**EXERCISE AIM:**
Retype all of the data without changing a single word.

———

(* Let $D$ be a Dyck path of semilength $n$ and $\pi$ the permutation associated with $D$ by the Billey–Jockusch–Stanley bijection. Then for $k\in\{1,\dots,n\}$, $\pi(k)=k$ if and only if $D$ has no valley at any position $(i,j)$ with $i\le k$ and $j\ge k$.
   Context: Work in an $n\times n$ array of unit cells; the cell $(i,j)$ is the one in column $i$ (columns numbered $1,\dots,n$ from left to right) and row $j$ (rows numbered $1,\dots,n$ from bottom to top), i.e. the square $[i-1,i]\times[j-1,j]$. A Dyck path of semilength $n$ is a lattice path from $(0,0)$ to $(n,n)$ with unit north and east steps that never goes below the line $y=x$. A valley of $D$ is an east step immediately followed by a north step; if the east step is the $k$-th east step and the north step is the $\ell$-th north step of $D$, the valley is said to be at position $(k,\ell)$, namely the cell enclosed by these two steps. Billey–Jockusch–Stanley bijection: put a cross in every valley cell of $D$; then, for the columns $i=1,2,\dots,n$ in this order, if column $i$ does not yet contain a cross, put a cross in the lowest cell of column $i$whose row does not yet contain a cross. The crosses form a permutation matrix, and $\pi(i)$ is the row of the cross in column $i$. *)

theory Defs
  imports Main
begin

text \<open>A lattice path is a list of steps: True = north step, False = east step.\<close>

definition north_steps :: "bool list \<Rightarrow> nat" where
  "north_steps xs = length (filter (\<lambda>s. s) xs)"

definition east_steps :: "bool list \<Rightarrow> nat" where
  "east_steps xs = length (filter (\<lambda>s. \<not> s) xs)"

definition dyck_path :: "nat \<Rightarrow> bool list \<Rightarrow> bool" where
  "dyck_path n D \<longleftrightarrow> length D = 2 * n \<and> north_steps D = n \<and> east_steps D = n \<and>
     (\<forall>m \<le> length D. east_steps (take m D) \<le> north_steps (take m D))"

text \<open>Valleys: an east step (the k-th east step) at index p immediately followed by a
  north step (the l-th north step); the valley is at position (k,l).\<close>
definition valleys :: "bool list \<Rightarrow> (nat \<times> nat) set" where
  "valleys D = {(east_steps (take (p + 1) D), north_steps (take (p + 2) D)) | p.
       p + 1 < length D \<and> \<not> D ! p \<and> D ! (p + 1)}"

definition bjs_step :: "nat \<Rightarrow> (nat \<times> nat) set \<Rightarrow> nat \<Rightarrow> (nat \<times> nat) set" where
  "bjs_step n S i =
     (if \<exists>j. (i, j) \<in> S then S
      else insert (i, LEAST j. 1 \<le> j \<and> j \<le> n \<and> (\<forall>i'. (i', j) \<notin> S)) S)"

definition bjs_crosses :: "nat \<Rightarrow> bool list \<Rightarrow> (nat \<times> nat) set" where
  "bjs_crosses n D = foldl (bjs_step n) (valleys D) [1..<n + 1]"

text \<open>pi(i) is the row of the cross in column i.\<close>
definition bjs_perm :: "nat \<Rightarrow> bool list \<Rightarrow> nat \<Rightarrow> nat" where
  "bjs_perm n D i = (THE j. (i, j) \<in> bjs_crosses n D)"

end

theory Submission
  imports Defs
begin

text \<open>The valleys of a Dyck path form a partial permutation strictly above the diagonal,
  and the Billey-Jockusch-Stanley completion matches the free columns with the free rows in
  increasing order. If column \<open>k\<close> carries a valley \<open>(k, j)\<close>, then \<open>\<pi>(k) = j > k\<close>.
  Otherwise \<open>k\<close> is the \<open>t\<close>-th free column and \<open>\<pi>(k)\<close> the \<open>t\<close>-th free row, so \<open>\<pi>(k) = k\<close>
  exactly when \<open>k\<close> is a free row and as many valleys lie in rows below \<open>k\<close> as in columns
  left of \<open>k\<close>. As every valley \<open>(i, j)\<close> has \<open>i < j\<close>, the former valleys are among the
  latter, and the counts agree iff no valley has \<open>i < k \<le> j\<close>.\<close>

lemma strict_sorted_nth_less_iff:
  fixes xs :: "'a::linorder list"
  assumes "sorted_wrt (<) xs" "i < length xs" "j < length xs"
  shows "xs ! i < xs ! j \<longleftrightarrow> i < j"
proof
  assume "xs ! i < xs ! j"
  show "i < j"
  proof (rule ccontr)
    assume "\<not> i < j"
    then have "j < i \<or> j = i" by auto
    then show False
      using sorted_wrt_nth_less[OF assms(1), of j i] assms \<open>xs ! i < xs ! j\<close> by auto
  qed
qed (use assms sorted_wrt_nth_less in blast)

———

**EXERCISE SOLUTION:**
(* Let $D$ be a Dyck path of semilength $n$ and $\pi$ the permutation associated with $D$ by the Billey–Jockusch–Stanley bijection. Then for $k\in\{1,\dots,n\}$, $\pi(k)=k$ if and only if $D$ has no valley at any position $(i,j)$ with $i\le k$ and $j\ge k$.
   Context: Work in an $n\times n$ array of unit cells; the cell $(i,j)$ is the one in column $i$ (columns numbered $1,\dots,n$ from left to right) and row $j$ (rows numbered $1,\dots,n$ from bottom to top), i.e. the square $[i-1,i]\times[j-1,j]$. A Dyck path of semilength $n$ is a lattice path from $(0,0)$ to $(n,n)$ with unit north and east steps that never goes below the line $y=x$. A valley of $D$ is an east step immediately followed by a north step; if the east step is the $k$-th east step and the north step is the $\ell$-th north step of $D$, the valley is said to be at position $(k,\ell)$, namely the cell enclosed by these two steps. Billey–Jockusch–Stanley bijection: put a cross in every valley cell of $D$; then, for the columns $i=1,2,\dots,n$ in this order, if column $i$ does not yet contain a cross, put a cross in the lowest cell of column $i$whose row does not yet contain a cross. The crosses form a permutation matrix, and $\pi(i)$ is the row of the cross in column $i$. *)

theory Defs
  imports Main
begin

text \<open>A lattice path is a list of steps: True = north step, False = east step.\<close>

definition north_steps :: "bool list \<Rightarrow> nat" where
  "north_steps xs = length (filter (\<lambda>s. s) xs)"

definition east_steps :: "bool list \<Rightarrow> nat" where
  "east_steps xs = length (filter (\<lambda>s. \<not> s) xs)"

definition dyck_path :: "nat \<Rightarrow> bool list \<Rightarrow> bool" where
  "dyck_path n D \<longleftrightarrow> length D = 2 * n \<and> north_steps D = n \<and> east_steps D = n \<and>
     (\<forall>m \<le> length D. east_steps (take m D) \<le> north_steps (take m D))"

text \<open>Valleys: an east step (the k-th east step) at index p immediately followed by a
  north step (the l-th north step); the valley is at position (k,l).\<close>
definition valleys :: "bool list \<Rightarrow> (nat \<times> nat) set" where
  "valleys D = {(east_steps (take (p + 1) D), north_steps (take (p + 2) D)) | p.
       p + 1 < length D \<and> \<not> D ! p \<and> D ! (p + 1)}"

definition bjs_step :: "nat \<Rightarrow> (nat \<times> nat) set \<Rightarrow> nat \<Rightarrow> (nat \<times> nat) set" where
  "bjs_step n S i =
     (if \<exists>j. (i, j) \<in> S then S
      else insert (i, LEAST j. 1 \<le> j \<and> j \<le> n \<and> (\<forall>i'. (i', j) \<notin> S)) S)"

definition bjs_crosses :: "nat \<Rightarrow> bool list \<Rightarrow> (nat \<times> nat) set" where
  "bjs_crosses n D = foldl (bjs_step n) (valleys D) [1..<n + 1]"

text \<open>pi(i) is the row of the cross in column i.\<close>
definition bjs_perm :: "nat \<Rightarrow> bool list \<Rightarrow> nat \<Rightarrow> nat" where
  "bjs_perm n D i = (THE j. (i, j) \<in> bjs_crosses n D)"

end

theory Submission
  imports Defs
begin

text \<open>The valleys of a Dyck path form a partial permutation strictly above the diagonal,
  and the Billey-Jockusch-Stanley completion matches the free columns with the free rows in
  increasing order. If column \<open>k\<close> carries a valley \<open>(k, j)\<close>, then \<open>\<pi>(k) = j > k\<close>.
  Otherwise \<open>k\<close> is the \<open>t\<close>-th free column and \<open>\<pi>(k)\<close> the \<open>t\<close>-th free row, so \<open>\<pi>(k) = k\<close>
  exactly when \<open>k\<close> is a free row and as many valleys lie in rows below \<open>k\<close> as in columns
  left of \<open>k\<close>. As every valley \<open>(i, j)\<close> has \<open>i < j\<close>, the former valleys are among the
  latter, and the counts agree iff no valley has \<open>i < k \<le> j\<close>.\<close>

lemma strict_sorted_nth_less_iff:
  fixes xs :: "'a::linorder list"
  assumes "sorted_wrt (<) xs" "i < length xs" "j < length xs"
  shows "xs ! i < xs ! j \<longleftrightarrow> i < j"
proof
  assume "xs ! i < xs ! j"
  show "i < j"
  proof (rule ccontr)
    assume "\<not> i < j"
    then have "j < i \<or> j = i" by auto
    then show False
      using sorted_wrt_nth_less[OF assms(1), of j i] assms \<open>xs ! i < xs ! j\<close> by auto
  qed
qed (use assms sorted_wrt_nth_less in blast)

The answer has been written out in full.